(* Let $(A_i,\omega_i)$, $i=1,2$, be baric algebras over $K$. Then $A_1\bowtie A_2$ is associative if and only if $xy=(\omega_1\bowtie\omega_2)(y)\,x$ for all $x,y\in A_1\bowtie A_2$.
   Context: A baric algebra over a field $K$ is a pair $(A,\omega)$ where $A$ is a (not necessarily associative) $K$-algebra and $\omega:A\to K$ is a nonzero $K$-algebra homomorphism. For baric algebras $(A_1,\omega_1),(A_2,\omega_2)$, $A_1\bowtie A_2$ denotes the vector space $A_1\oplus A_2$ with product $(a_1,a_2)(b_1,b_2)=(a_1b_1+\omega_2(b_2)a_1,\ a_2b_2+\omega_1(b_1)a_2)$, and $\omega_1\bowtie\omega_2(a_1,a_2)=\omega_1(a_1)+\omega_2(a_2)$. *)

theory Defs
  imports Complex_Main
begin

definition nonassoc_algebra ::
  "('k::field \<Rightarrow> 'a::ab_group_add \<Rightarrow> 'a) \<Rightarrow> ('a \<Rightarrow> 'a \<Rightarrow> 'a) \<Rightarrow> bool" where
  "nonassoc_algebra sc m \<longleftrightarrow>
     vector_space sc \<and>
     (\<forall>x y z. m (x + y) z = m x z + m y z) \<and>
     (\<forall>x y z. m x (y + z) = m x y + m x z) \<and>
     (\<forall>c x y. m (sc c x) y = sc c (m x y)) \<and>
     (\<forall>c x y. m x (sc c y) = sc c (m x y))"

definition baric_algebra ::
  "('k::field \<Rightarrow> 'a::ab_group_add \<Rightarrow> 'a) \<Rightarrow> ('a \<Rightarrow> 'a \<Rightarrow> 'a) \<Rightarrow> ('a \<Rightarrow> 'k) \<Rightarrow> bool" where
  "baric_algebra sc m \<omega> \<longleftrightarrow>
     nonassoc_algebra sc m \<and>
     (\<forall>x y. \<omega> (x + y) = \<omega> x + \<omega> y) \<and>
     (\<forall>c x. \<omega> (sc c x) = c * \<omega> x) \<and>
     (\<forall>x y. \<omega> (m x y) = \<omega> x * \<omega> y) \<and>
     (\<exists>x. \<omega> x \<noteq> 0)"

definition bowtie_scale ::
  "('k \<Rightarrow> 'a \<Rightarrow> 'a) \<Rightarrow> ('k \<Rightarrow> 'b \<Rightarrow> 'b) \<Rightarrow> 'k \<Rightarrow> 'a \<times> 'b \<Rightarrow> 'a \<times> 'b" where
  "bowtie_scale sc1 sc2 c p = (sc1 c (fst p), sc2 c (snd p))"

definition bowtie_mult ::
  "('k \<Rightarrow> 'a::plus \<Rightarrow> 'a) \<Rightarrow> ('a \<Rightarrow> 'a \<Rightarrow> 'a) \<Rightarrow> ('a \<Rightarrow> 'k) \<Rightarrow>
   ('k \<Rightarrow> 'b::plus \<Rightarrow> 'b) \<Rightarrow> ('b \<Rightarrow> 'b \<Rightarrow> 'b) \<Rightarrow> ('b \<Rightarrow> 'k) \<Rightarrow>
   'a \<times> 'b \<Rightarrow> 'a \<times> 'b \<Rightarrow> 'a \<times> 'b" where
  "bowtie_mult sc1 m1 \<omega>1 sc2 m2 \<omega>2 p q =
     (m1 (fst p) (fst q) + sc1 (\<omega>2 (snd q)) (fst p),
      m2 (snd p) (snd q) + sc2 (\<omega>1 (fst q)) (snd p))"

definition bowtie_omega ::
  "('a \<Rightarrow> 'k::plus) \<Rightarrow> ('b \<Rightarrow> 'k) \<Rightarrow> 'a \<times> 'b \<Rightarrow> 'k" where
  "bowtie_omega \<omega>1 \<omega>2 p = \<omega>1 (fst p) + \<omega>2 (snd p)"

definition associative_mult :: "('a \<Rightarrow> 'a \<Rightarrow> 'a) \<Rightarrow> bool" where
  "associative_mult m \<longleftrightarrow> (\<forall>x y z. m (m x y) z = m x (m y z))"

end

theory Submission
  imports Defs
begin

text \<open>
  Write M for the product of A1 \<bowtie> A2 and W for its weight.
  (\<Leftarrow>) A product of the form x y = W(y) x is associative as soon as W is
  homogeneous, since both (x y) z and x (y z) equal W(y) W(z) x; this is
  the general lemma weight_scaled_mult_associative.
  (\<Rightarrow>) Choose u in A2 of weight 1.  Evaluating associativity on the triple
  (a,0), (0,u), (c,0) gives m1 a c = \<omega>1(c) a, i.e. the product of A1 is
  "weight times identity"; swapping the two factors of \<bowtie> transports
  associativity and yields the same statement for A2.  Substituting both
  identities into the definition of M gives M x y = W(y) x.
\<close>

lemma nonassoc_algebra_mult_zero:
  assumes "nonassoc_algebra sc m"
  shows "m x 0 = 0" and "m 0 x = 0"
proof -
  have "m x (0 + 0) = m x 0 + m x 0" and "m (0 + 0) x = m 0 x + m 0 x"
    using assms unfolding nonassoc_algebra_def by blast+
  then show "m x 0 = 0" and "m 0 x = 0" by simp_all
qed

lemma baric_algebra_weight_scale:
  assumes "baric_algebra sc m \<omega>"
  shows "\<omega> (sc c x) = c * \<omega> x"
  using assms unfolding baric_algebra_def by blast

lemma baric_algebra_vector_space:
  assumes "baric_algebra sc m \<omega>"
  shows "vector_space sc"
  using assms unfolding baric_algebra_def nonassoc_algebra_def by blast

lemma baric_algebra_mult_zero:
  assumes "baric_algebra sc m \<omega>"
  shows "m x 0 = 0" and "m 0 x = 0"
  using assms nonassoc_algebra_mult_zero unfolding baric_algebra_def by blast+

lemma baric_algebra_weight_zero:
  assumes "baric_algebra sc m \<omega>"
  shows "\<omega> 0 = 0"
proof -
  interpret vector_space sc using assms by (rule baric_algebra_vector_space)
  have "\<omega> (sc 0 0) = 0 * \<omega> 0" using assms by (rule baric_algebra_weight_scale)
  then show ?thesis by simp
qed

text \<open>Since the weight is nonzero and homogeneous, some element has weight 1;
  this is the test element used to detect the product of the other factor.\<close>
lemma baric_algebra_weight_one:
  assumes "baric_algebra sc m \<omega>"
  obtains u where "\<omega> u = 1"
proof -
  obtain x where "\<omega> x \<noteq> 0" using assms unfolding baric_algebra_def by blast
  then have "\<omega> (sc (inverse (\<omega> x)) x) = 1"
    using assms by (simp add: baric_algebra_weight_scale)
  then show ?thesis by (rule that)
qed

lemma bowtie_mult_swap:
  "bowtie_mult sc2 m2 \<omega>2 sc1 m1 \<omega>1 (prod.swap p) (prod.swap q)
     = prod.swap (bowtie_mult sc1 m1 \<omega>1 sc2 m2 \<omega>2 p q)"
  by (simp add: bowtie_mult_def)

lemma associative_mult_bowtie_swap:
  assumes "associative_mult (bowtie_mult sc1 m1 \<omega>1 sc2 m2 \<omega>2)"
  shows "associative_mult (bowtie_mult sc2 m2 \<omega>2 sc1 m1 \<omega>1)"
  unfolding associative_mult_def
proof (intro allI)
  fix x y z
  let ?M = "bowtie_mult sc1 m1 \<omega>1 sc2 m2 \<omega>2"
  have "?M (?M (prod.swap x) (prod.swap y)) (prod.swap z)
      = ?M (prod.swap x) (?M (prod.swap y) (prod.swap z))"
    using assms unfolding associative_mult_def by blast
  then show "bowtie_mult sc2 m2 \<omega>2 sc1 m1 \<omega>1 (bowtie_mult sc2 m2 \<omega>2 sc1 m1 \<omega>1 x y) z
           = bowtie_mult sc2 m2 \<omega>2 sc1 m1 \<omega>1 x (bowtie_mult sc2 m2 \<omega>2 sc1 m1 \<omega>1 y z)"
    by (metis bowtie_mult_swap swap_swap)
qed

text \<open>With u of weight 1 in A2, ((a,0)(0,u))(c,0) = (m1 a c, _) while
  (a,0)((0,u)(c,0)) = (a,0)(0, \<omega>1(c) u) = (\<omega>1(c) a, _).\<close>
lemma bowtie_associative_first_factor:
  assumes A1: "baric_algebra sc1 m1 \<omega>1" and A2: "baric_algebra sc2 m2 \<omega>2"
    and assoc: "associative_mult (bowtie_mult sc1 m1 \<omega>1 sc2 m2 \<omega>2)"
  shows "m1 a c = sc1 (\<omega>1 c) a"
proof -
  interpret v1: vector_space sc1 using A1 by (rule baric_algebra_vector_space)
  interpret v2: vector_space sc2 using A2 by (rule baric_algebra_vector_space)
  obtain u where u: "\<omega>2 u = 1" using A2 by (rule baric_algebra_weight_one)
  let ?M = "bowtie_mult sc1 m1 \<omega>1 sc2 m2 \<omega>2"
  note simps = bowtie_mult_def baric_algebra_mult_zero[OF A1] baric_algebra_mult_zero[OF A2]
    baric_algebra_weight_zero[OF A1] baric_algebra_weight_zero[OF A2]
    baric_algebra_weight_scale[OF A2] u
  have left: "?M (?M (a, 0) (0, u)) (c, 0) = (m1 a c, 0)"
    by (simp add: simps)
  have right: "?M (a, 0) (?M (0, u) (c, 0)) = (sc1 (\<omega>1 c) a, 0)"
    by (simp add: simps)
  show ?thesis
    using assoc left right unfolding associative_mult_def by (metis prod.inject)
qed

text \<open>The same for A2, by the swap symmetry.\<close>
lemma bowtie_associative_second_factor:
  assumes "baric_algebra sc1 m1 \<omega>1" and "baric_algebra sc2 m2 \<omega>2"
    and "associative_mult (bowtie_mult sc1 m1 \<omega>1 sc2 m2 \<omega>2)"
  shows "m2 a c = sc2 (\<omega>2 c) a"
  using assms by (blast intro: bowtie_associative_first_factor associative_mult_bowtie_swap)

lemma bowtie_associative_weight_product:
  assumes A1: "baric_algebra sc1 m1 \<omega>1" and A2: "baric_algebra sc2 m2 \<omega>2"
    and assoc: "associative_mult (bowtie_mult sc1 m1 \<omega>1 sc2 m2 \<omega>2)"
  shows "bowtie_mult sc1 m1 \<omega>1 sc2 m2 \<omega>2 x y
           = bowtie_scale sc1 sc2 (bowtie_omega \<omega>1 \<omega>2 y) x"
proof -
  interpret v1: vector_space sc1 using A1 by (rule baric_algebra_vector_space)
  interpret v2: vector_space sc2 using A2 by (rule baric_algebra_vector_space)
  show ?thesis
    by (simp add: bowtie_mult_def bowtie_scale_def bowtie_omega_def
        bowtie_associative_first_factor[OF assms] bowtie_associative_second_factor[OF assms]
        v1.scale_left_distrib v2.scale_left_distrib add.commute)
qed

text \<open>Stated for any scalar action compatible with multiplication of scalars
  and any homogeneous weight: both bracketings give W(y) W(z) x.\<close>
lemma weight_scaled_mult_associative:
  fixes sc :: "'k::comm_semiring_1 \<Rightarrow> 'a \<Rightarrow> 'a" and W :: "'a \<Rightarrow> 'k"
  assumes scale_scale: "\<And>c d x. sc c (sc d x) = sc (c * d) x"
    and homogeneous: "\<And>c x. W (sc c x) = c * W x"
  shows "associative_mult (\<lambda>x y. sc (W y) x)"
  unfolding associative_mult_def
  by (simp add: scale_scale homogeneous mult.commute)

lemma bowtie_omega_scale:
  assumes "baric_algebra sc1 m1 \<omega>1" and "baric_algebra sc2 m2 \<omega>2"
  shows "bowtie_omega \<omega>1 \<omega>2 (bowtie_scale sc1 sc2 c x) = c * bowtie_omega \<omega>1 \<omega>2 x"
  using baric_algebra_weight_scale[OF assms(1)] baric_algebra_weight_scale[OF assms(2)]
  by (simp add: bowtie_omega_def bowtie_scale_def distrib_left)

lemma bowtie_scale_scale:
  assumes "vector_space sc1" and "vector_space sc2"
  shows "bowtie_scale sc1 sc2 c (bowtie_scale sc1 sc2 d x) = bowtie_scale sc1 sc2 (c * d) x"
proof -
  interpret v1: vector_space sc1 by fact
  interpret v2: vector_space sc2 by fact
  show ?thesis by (simp add: bowtie_scale_def)
qed

theorem proposition6p1:
  fixes sc1 :: "'k::field \<Rightarrow> 'a::ab_group_add \<Rightarrow> 'a" and m1 :: "'a \<Rightarrow> 'a \<Rightarrow> 'a"
    and \<omega>1 :: "'a \<Rightarrow> 'k"
    and sc2 :: "'k \<Rightarrow> 'b::ab_group_add \<Rightarrow> 'b" and m2 :: "'b \<Rightarrow> 'b \<Rightarrow> 'b"
    and \<omega>2 :: "'b \<Rightarrow> 'k"
  assumes "baric_algebra sc1 m1 \<omega>1" and "baric_algebra sc2 m2 \<omega>2"
  shows "associative_mult (bowtie_mult sc1 m1 \<omega>1 sc2 m2 \<omega>2) \<longleftrightarrow>
    (\<forall>x y. bowtie_mult sc1 m1 \<omega>1 sc2 m2 \<omega>2 x y
           = bowtie_scale sc1 sc2 (bowtie_omega \<omega>1 \<omega>2 y) x)"
proof
  assume "associative_mult (bowtie_mult sc1 m1 \<omega>1 sc2 m2 \<omega>2)"
  then show "\<forall>x y. bowtie_mult sc1 m1 \<omega>1 sc2 m2 \<omega>2 x y
                   = bowtie_scale sc1 sc2 (bowtie_omega \<omega>1 \<omega>2 y) x"
    using assms bowtie_associative_weight_product by blast
next
  assume "\<forall>x y. bowtie_mult sc1 m1 \<omega>1 sc2 m2 \<omega>2 x y
               = bowtie_scale sc1 sc2 (bowtie_omega \<omega>1 \<omega>2 y) x"
  then have product: "bowtie_mult sc1 m1 \<omega>1 sc2 m2 \<omega>2
      = (\<lambda>x y. bowtie_scale sc1 sc2 (bowtie_omega \<omega>1 \<omega>2 y) x)"
    by blast
  have "associative_mult (\<lambda>x y. bowtie_scale sc1 sc2 (bowtie_omega \<omega>1 \<omega>2 y) x)"
    using bowtie_scale_scale[OF assms[THEN baric_algebra_vector_space]]
      bowtie_omega_scale[OF assms]
    by (rule weight_scaled_mult_associative)
  then show "associative_mult (bowtie_mult sc1 m1 \<omega>1 sc2 m2 \<omega>2)"
    by (simp only: product)
qed

end
lemma wordmat_eq_path_product:
  assumes A: "graded_subst G A"
  shows "\<forall>l\<in>set w. fst (snd l) \<in> carrier G \<Longrightarrow> a \<in> carrier G \<Longrightarrow>
    wordmat G A w a b = (if b = a \<otimes> gprod G (map (tau G) w)
      then \<Prod>r<length w. letter_entry G A (w ! r) (a \<otimes> gprod G (map (tau G) (take r w))) else 0)"
proof (induction w arbitrary: a)
  case Nil then show ?case by (simp add: wordmat_def idmat_def gprod_def)
next
  case (Cons l w)
  let ?path = "\<lambda>w. gprod G (map (tau G) w)"
  have tl: "tau G l \<in> carrier G" using Cons.prems tau_closed by simp
  have al: "a \<otimes> tau G l \<in> carrier G" using tl Cons.prems by simp
  have taus: "set (map (tau G) (take r w)) \<subseteq> carrier G" for r
    using Cons.prems by (intro taus_closed) (meson in_set_takeD list.set_intros(2))
  have shift: "a \<otimes> ?path (take (Suc r) (l # w)) = (a \<otimes> tau G l) \<otimes> ?path (take r w)" for r
    using gprod_Cons[OF tl taus] tl taus Cons.prems gprod_closed by (simp add: m_assoc)
  have "wordmat G A (l # w) a b = (\<Sum>c\<in>carrier G. letmat A l a c * wordmat G A w c b)"
    by (simp add: wordmat_def mmult_def)
  also have "\<dots> = (\<Sum>c\<in>carrier G. if c = a \<otimes> tau G l then letter_entry G A l a * wordmat G A w c b else 0)"
    using Cons.prems A by (intro sum.cong) (auto simp: letmat_entry)
  also have "\<dots> = letter_entry G A l a * wordmat G A w (a \<otimes> tau G l) b"
    using al finite_carrier by (simp add: sum.delta)
  also have "\<dots> = (if b = a \<otimes> ?path (l # w) then letter_entry G A l a *
      (\<Prod>r<length w. letter_entry G A (w ! r) ((a \<otimes> tau G l) \<otimes> ?path (take r w))) else 0)"
    using Cons.IH[OF _ al] Cons.prems shift[of "length w"] by simp
  also have "\<dots> = (if b = a \<otimes> ?path (l # w)
      then \<Prod>r<length (l # w). letter_entry G A ((l # w) ! r) (a \<otimes> ?path (take r (l # w))) else 0)"
    unfolding length_Cons prod.lessThan_Suc_shift using Cons.prems shift by (simp add: gprod_def)
  finally show ?case .
qed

> **Work required**
If a line of the entries contains "longleftrightarrow", it counts; say how many such lines there are and give only the number.

> **Solution below**
4